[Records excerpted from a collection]
subsection \<open>Hoffman's bound\<close>

lemma hoffman_bound:
  assumes sym: "\<And>i j. i < n \<Longrightarrow> j < n \<Longrightarrow> a i j = a j i"
    and bound: "\<And>z. \<mu> * norm_sq n z \<le> bilinear_form n a z z"
    and eig: "\<forall>i<n. (\<Sum>j<n. a i j * x j) = l * x i"
    and x: "norm_sq n x > 0"
    and "\<mu> < 0"
    and colours: "\<And>i. i < n \<Longrightarrow> c i < k"
    and independent: "\<And>i j. i < n \<Longrightarrow> j < n \<Longrightarrow> c i = c j \<Longrightarrow> a i j = 0"
  shows "l - \<mu> \<le> - real k * \<mu>"
proof -
  define z where "z = (\<lambda>r i. if c i = r then x i else 0)"
  have class_bound: "(l - \<mu>) * norm_sq n (z r) / norm_sq n x \<le> - \<mu>" for r
  proof -
    have "bilinear_form n a (z r) (z r) = 0"
      unfolding bilinear_form_def z_def by (intro sum.neutral ballI) (auto simp: independent)
    moreover have "(\<Sum>i<n. z r i * x i) = norm_sq n (z r)"
      unfolding norm_sq_def z_def by (intro sum.cong refl) (auto simp: power2_eq_square)
    ultimately have "(l - \<mu>) * (norm_sq n (z r))\<^sup>2 / norm_sq n x \<le> - \<mu> * norm_sq n (z r)"
      using rayleigh_gap[OF sym bound eig x, of "z r"] by simp
    then have "((l - \<mu>) * norm_sq n (z r) / norm_sq n x) * norm_sq n (z r) \<le> - \<mu> * norm_sq n (z r)"
      by (simp add: power2_eq_square)
    moreover have "norm_sq n (z r) = 0 \<or> norm_sq n (z r) > 0"
      using norm_sq_nonneg[of n "z r"] by linarith
    ultimately show ?thesis using \<open>\<mu> < 0\<close> mult_le_cancel_right_pos by fastforce
  qed
  have "(\<Sum>r<k. norm_sq n (z r)) = (\<Sum>i<n. \<Sum>r<k. if c i = r then (x i)\<^sup>2 else 0)"
    unfolding norm_sq_def z_def by (subst sum.swap) (intro sum.cong refl, auto)
  also have "\<dots> = norm_sq n x" unfolding norm_sq_def using colours by simp
  finally have "l - \<mu> = (\<Sum>r<k. (l - \<mu>) * norm_sq n (z r) / norm_sq n x)"
    using x by (simp add: sum_divide_distrib[symmetric] sum_distrib_left[symmetric])
  also have "\<dots> \<le> (\<Sum>r<k. - \<mu>)" by (intro sum_mono class_bound)
  finally show ?thesis by simp
qed

lemma hg_adj_matrix_entry:
  "i < n \<Longrightarrow> j < n \<Longrightarrow> hg_adj_matrix n E $$ (i, j) = (if i = j then 0
      else (\<Sum>e\<in>{e\<in>E. i \<in> e \<and> j \<in> e}. 1 / (real (card e) - 1)))"
  unfolding hg_adj_matrix_def by simp

lemma hg_adj_matrix_symmetric:
  assumes "i < n" "j < n"
  shows "hg_adj_matrix n E $$ (i, j) = hg_adj_matrix n E $$ (j, i)"
proof -
  have "{e\<in>E. i \<in> e \<and> j \<in> e} = {e\<in>E. j \<in> e \<and> i \<in> e}" by blast
  then show "hg_adj_matrix n E $$ (i, j) = hg_adj_matrix n E $$ (j, i)"
    using assms by (simp add: hg_adj_matrix_entry)
qed

lemma hg_adj_matrix_zero_if_not_adjacent:
  assumes "i < n" "j < n" "\<not> hg_adjacent E i j"
  shows "hg_adj_matrix n E $$ (i, j) = 0"
proof (cases "i = j")
  case False
  then have "{e\<in>E. i \<in> e \<and> j \<in> e} = {}"
    using assms(3) unfolding hg_adjacent_def by blast
  with False show ?thesis by (simp only: hg_adj_matrix_entry[OF assms(1,2)] if_False sum.empty)
qed (simp add: hg_adj_matrix_entry assms)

Problem to work on
Please retype the top of the data exactly, down to and including the line that holds "i = j then 0", and nothing further.

Expected answer
subsection \<open>Hoffman's bound\<close>

lemma hoffman_bound:
  assumes sym: "\<And>i j. i < n \<Longrightarrow> j < n \<Longrightarrow> a i j = a j i"
    and bound: "\<And>z. \<mu> * norm_sq n z \<le> bilinear_form n a z z"
    and eig: "\<forall>i<n. (\<Sum>j<n. a i j * x j) = l * x i"
    and x: "norm_sq n x > 0"
    and "\<mu> < 0"
    and colours: "\<And>i. i < n \<Longrightarrow> c i < k"
    and independent: "\<And>i j. i < n \<Longrightarrow> j < n \<Longrightarrow> c i = c j \<Longrightarrow> a i j = 0"
  shows "l - \<mu> \<le> - real k * \<mu>"
proof -
  define z where "z = (\<lambda>r i. if c i = r then x i else 0)"
  have class_bound: "(l - \<mu>) * norm_sq n (z r) / norm_sq n x \<le> - \<mu>" for r
  proof -
    have "bilinear_form n a (z r) (z r) = 0"
      unfolding bilinear_form_def z_def by (intro sum.neutral ballI) (auto simp: independent)
    moreover have "(\<Sum>i<n. z r i * x i) = norm_sq n (z r)"
      unfolding norm_sq_def z_def by (intro sum.cong refl) (auto simp: power2_eq_square)
    ultimately have "(l - \<mu>) * (norm_sq n (z r))\<^sup>2 / norm_sq n x \<le> - \<mu> * norm_sq n (z r)"
      using rayleigh_gap[OF sym bound eig x, of "z r"] by simp
    then have "((l - \<mu>) * norm_sq n (z r) / norm_sq n x) * norm_sq n (z r) \<le> - \<mu> * norm_sq n (z r)"
      by (simp add: power2_eq_square)
    moreover have "norm_sq n (z r) = 0 \<or> norm_sq n (z r) > 0"
      using norm_sq_nonneg[of n "z r"] by linarith
    ultimately show ?thesis using \<open>\<mu> < 0\<close> mult_le_cancel_right_pos by fastforce
  qed
  have "(\<Sum>r<k. norm_sq n (z r)) = (\<Sum>i<n. \<Sum>r<k. if c i = r then (x i)\<^sup>2 else 0)"
    unfolding norm_sq_def z_def by (subst sum.swap) (intro sum.cong refl, auto)
  also have "\<dots> = norm_sq n x" unfolding norm_sq_def using colours by simp
  finally have "l - \<mu> = (\<Sum>r<k. (l - \<mu>) * norm_sq n (z r) / norm_sq n x)"
    using x by (simp add: sum_divide_distrib[symmetric] sum_distrib_left[symmetric])
  also have "\<dots> \<le> (\<Sum>r<k. - \<mu>)" by (intro sum_mono class_bound)
  finally show ?thesis by simp
qed

lemma hg_adj_matrix_entry:
  "i < n \<Longrightarrow> j < n \<Longrightarrow> hg_adj_matrix n E $$ (i, j) = (if i = j then 0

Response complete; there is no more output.